Бачко подразумевал, что Немецкий орден поработил местное, языческое население, не приемля их религию. Сам Бачко не видит разницы между язычеством и христианством, но, если судить по лексике, он больше симпатизирует носителям языческого культа. Точно так же в 1822 году Г. Луден говорил в своей «Всемирной истории» о «гордыне, своенравии и презрении к людям», свойственных рыцарям ордена.
Негативная оценка ордена сохранилась и тогда, когда в 1772 году по разделу Польши[69] бывшие орденские владения, с 1466 года входившие в Польское королевство, отошли к Пруссии. В XIX веке, а порой и в наши дни, это толкуют так, будто восстановилось былое положение, подобно тому, как Фридрих Великий мыслил себя преемником верховного магистра и требовал пересмотра Второго Торуньского мира. Однако разделы Польши решались в кабинетах политиков, и прусский король выбирал лучшую, на его взгляд, из имевшихся в его распоряжении земель. Исторические реминисценции были здесь ни причем.
Понятно, что прусский режим обращался с реликтами времени ордена, замками, о которых говорил Л. фон Бачко, и практично, и грубо. Одни были снесены, другие уцелели лишь потому, что превратить такой замок в зернохранилище казалось дешевле, чем его разрушить. Так было с Мариенбургом, который в то время основательно перестраивался, то есть, мы бы сказали, уродовался. Замку грозил снос.
И если до этого не дошло, то по чистой случайности, а также по причине стремительно и кардинально изменившихся представлений о Средневековье, массового интереса к нему на рубеже XVIII–XIX веков. В Пруссии, как и во всей Германии, наступила эпоха Наполеона, эпоха чужеземного владычества и борьбы с ним — освободительная война.
Средневековые крестоносцы теперь не казались спесивыми и жестокими, но даже служили образцом, причем не только военным. Государство ордена получило положительную оценку еще и потому, что не было одним из множества государств князей, но имело принципиальные устои, ибо виделось воплощением государственной идеи, которая равным образом была заложена и в Прусском государстве того времени. Возникло мнение, что между государственной идеей древнего государства ордена и идеей нынешнего Прусского государства было нечто общее.
Это явствует на примере ордена Железного Креста, учрежденного в 1813 году, в период освободительной войны. Железный Крест был почти полной копией символа средневекового Немецкого ордена, того черного креста, который братья ордена носили на своих плащах. Но это парадоксальное сходство, ибо Железный Крест, несмотря на то, что внешне напоминал о прошлом, был орденом Нового времени. Им награждались все отважные воины, независимо от звания, тогда как существовавший до тех пор орден, прототипом которого был символ рыцарского ордена позднего Средневековья, приберегался только для знатных офицеров.

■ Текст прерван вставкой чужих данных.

(* Consider the impulsive seasonally forced system $$\dot S=S(A-S)-\beta_\gamma(t)IS,\qquad \dot I=\beta_\gamma(t)IS-(\sigma+g)I,\qquad t\neq nT,$$ $$S(nT)=(1-p)S(nT^-),\qquad I(nT)=I(nT^-),\quad n\in\mathbb{N},$$ with $\beta_\gamma(t)=\beta_0(1+\gamma\Psi(\omega t))$. For $\gamma,\omega>0$ small and $A>S_c$, the $T$-periodic solution $(\mathcal{S},0)$ is asymptotically stable if and only if $p_2^{\rm seas}(T)<p<p_1(T)$, where $$p_1(T)=1-e^{-AT},\qquad p_2^{\rm seas}(T)=1-\exp\left\{-\left[(A-S_c)T+\gamma\int_0^T\Psi(\omega t)\mathcal{S}(t)\,dt\right]\right\}.$$
   Context: Parameters: $A\in(0,1]$, $\beta_0>0$, $\sigma,g\ge0$ with $\sigma+g>0$, $p\in[0,1]$, $T>0$; $S_c=(\sigma+g)/\beta_0$; it is assumed $S(t)\le A$ for all $t$. $\Psi:\mathbb{R}\to\mathbb{R}^+$ is $\tau$-periodic (for some $\tau>0$) with at least two nondegenerate critical points and $\frac1\tau\int_0^\tau\beta_\gamma>0$. $\mathcal{S}$ is the $T$-periodic function given for $nT\le t<(n+1)T$ by $\mathcal{S}(t)=\frac{A[e^{AT}(1-p)-1]}{e^{AT}(1-p)-1+pe^{A(T-(t-nT))}}$, and $(\mathcal{S},0)$ is a solution of the system. A $T$-periodic solution through $x_0$ is asymptotically stable if for every neighbourhood $V$ of $x_0$ there is a neighbourhood $W\subset V$ with $\varphi(kT,y_0)\in V$ for all $y_0\in W$, $k\in\mathbb{N}$, and there is a neighbourhood $V$ with $\varphi(kT,y_0)\to x_0$ as $k\to\infty$ for all $y_0\in V$. *)

theory Defs
  imports "HOL-Analysis.Analysis"
begin

definition beta_seas :: "real \<Rightarrow> real \<Rightarrow> real \<Rightarrow> (real \<Rightarrow> real) \<Rightarrow> real \<Rightarrow> real" where
  "beta_seas \<beta>0 \<gamma> \<omega> \<Psi> t = \<beta>0 * (1 + \<gamma> * \<Psi> (\<omega> * t))"

definition si_field :: "(real \<Rightarrow> real) \<Rightarrow> real \<Rightarrow> real \<Rightarrow> real \<Rightarrow> real \<Rightarrow> real \<times> real \<Rightarrow> real \<times> real" where
  "si_field b A \<sigma> g t z =
     (fst z * (A - fst z) - b t * snd z * fst z,
      b t * snd z * fst z - (\<sigma> + g) * snd z)"

definition si_jump :: "real \<Rightarrow> real \<times> real \<Rightarrow> real \<times> real" where
  "si_jump p z = ((1 - p) * fst z, snd z)"

definition impulsive_solution ::
  "(real \<Rightarrow> real \<times> real \<Rightarrow> real \<times> real) \<Rightarrow> (real \<times> real \<Rightarrow> real \<times> real) \<Rightarrow> real
     \<Rightarrow> (real \<Rightarrow> real \<times> real) \<Rightarrow> bool" where
  "impulsive_solution F J T x \<longleftrightarrow>
     (\<forall>n::nat.
        continuous_on {real n * T ..< real (Suc n) * T} x \<and>
        (\<forall>t \<in> {real n * T <..< real (Suc n) * T}. (x has_vector_derivative F t (x t)) (at t)) \<and>
        (\<exists>L. (x \<longlongrightarrow> L) (at_left (real (Suc n) * T)) \<and> x (real (Suc n) * T) = J L))"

Известный поэт времени освободительной войны М. фон Шенкендорф воспел связь нового ордена с былым рыцарским орденом в стихотворении, посвященном учредителю нового ордена, королю Фридриху Вильгельму III:
Выражаясь прозой, современный прусский король, который вновь стал почитать былой орденский символ, — это новый верховный магистр, а современное Прусское государство — возобновление средневекового государства ордена.
В связи с этим в восстановленном замке Мариенбург спустя несколько лет появился витраж, на котором слева был изображен средневековый рыцарь ордена, а справа ополченец (Landsturmmann), иначе — доброволец, участвовавший в освободительной войне. Из писем тех, кому был посвящен витраж, становится ясно, что означало такое сочетание. Добровольцы 1813 года виделись преемниками рыцарей ордена, а в известном смысле их повтором на более высоком уровне, ибо пруссакам начала XIX века, в большинстве своем протестантам, претило, что средневековый рыцарь ордена был монахом.
Новая оценка Немецкого ордена, чему свидетельством — Железный Крест, означает, что в исторической науке возник новый, живой интерес к ордену. И новым был не только он и не только положительная оценка, но и обращение к рукописным источникам.
В предшествующие десятилетия историческая наука занималась преимущественно печатными материалами, литературными источниками: хрониками, анналами и т. д. Старинные актовые материалы и грамоты изучали не столько историки, сколько правоведы. Рукописные акты воспринимались как правовые документы, и они действительно имели практическое значение. Средневековые грамоты Немецкого ордена были правовыми документами не в последнюю очередь потому, что Немецкий орден и Прусское государство все еще протестовали против секуляризации 1525 года, что подтверждали грамоты Кёнигсбергского архива. Поэтому немыслимо было отдать их в распоряжение первого встречного.
69
В 1772 г. в Петербурге была подписана конвенция о первом разделе Речи Посполитой между Россией, Пруссией и Австрией.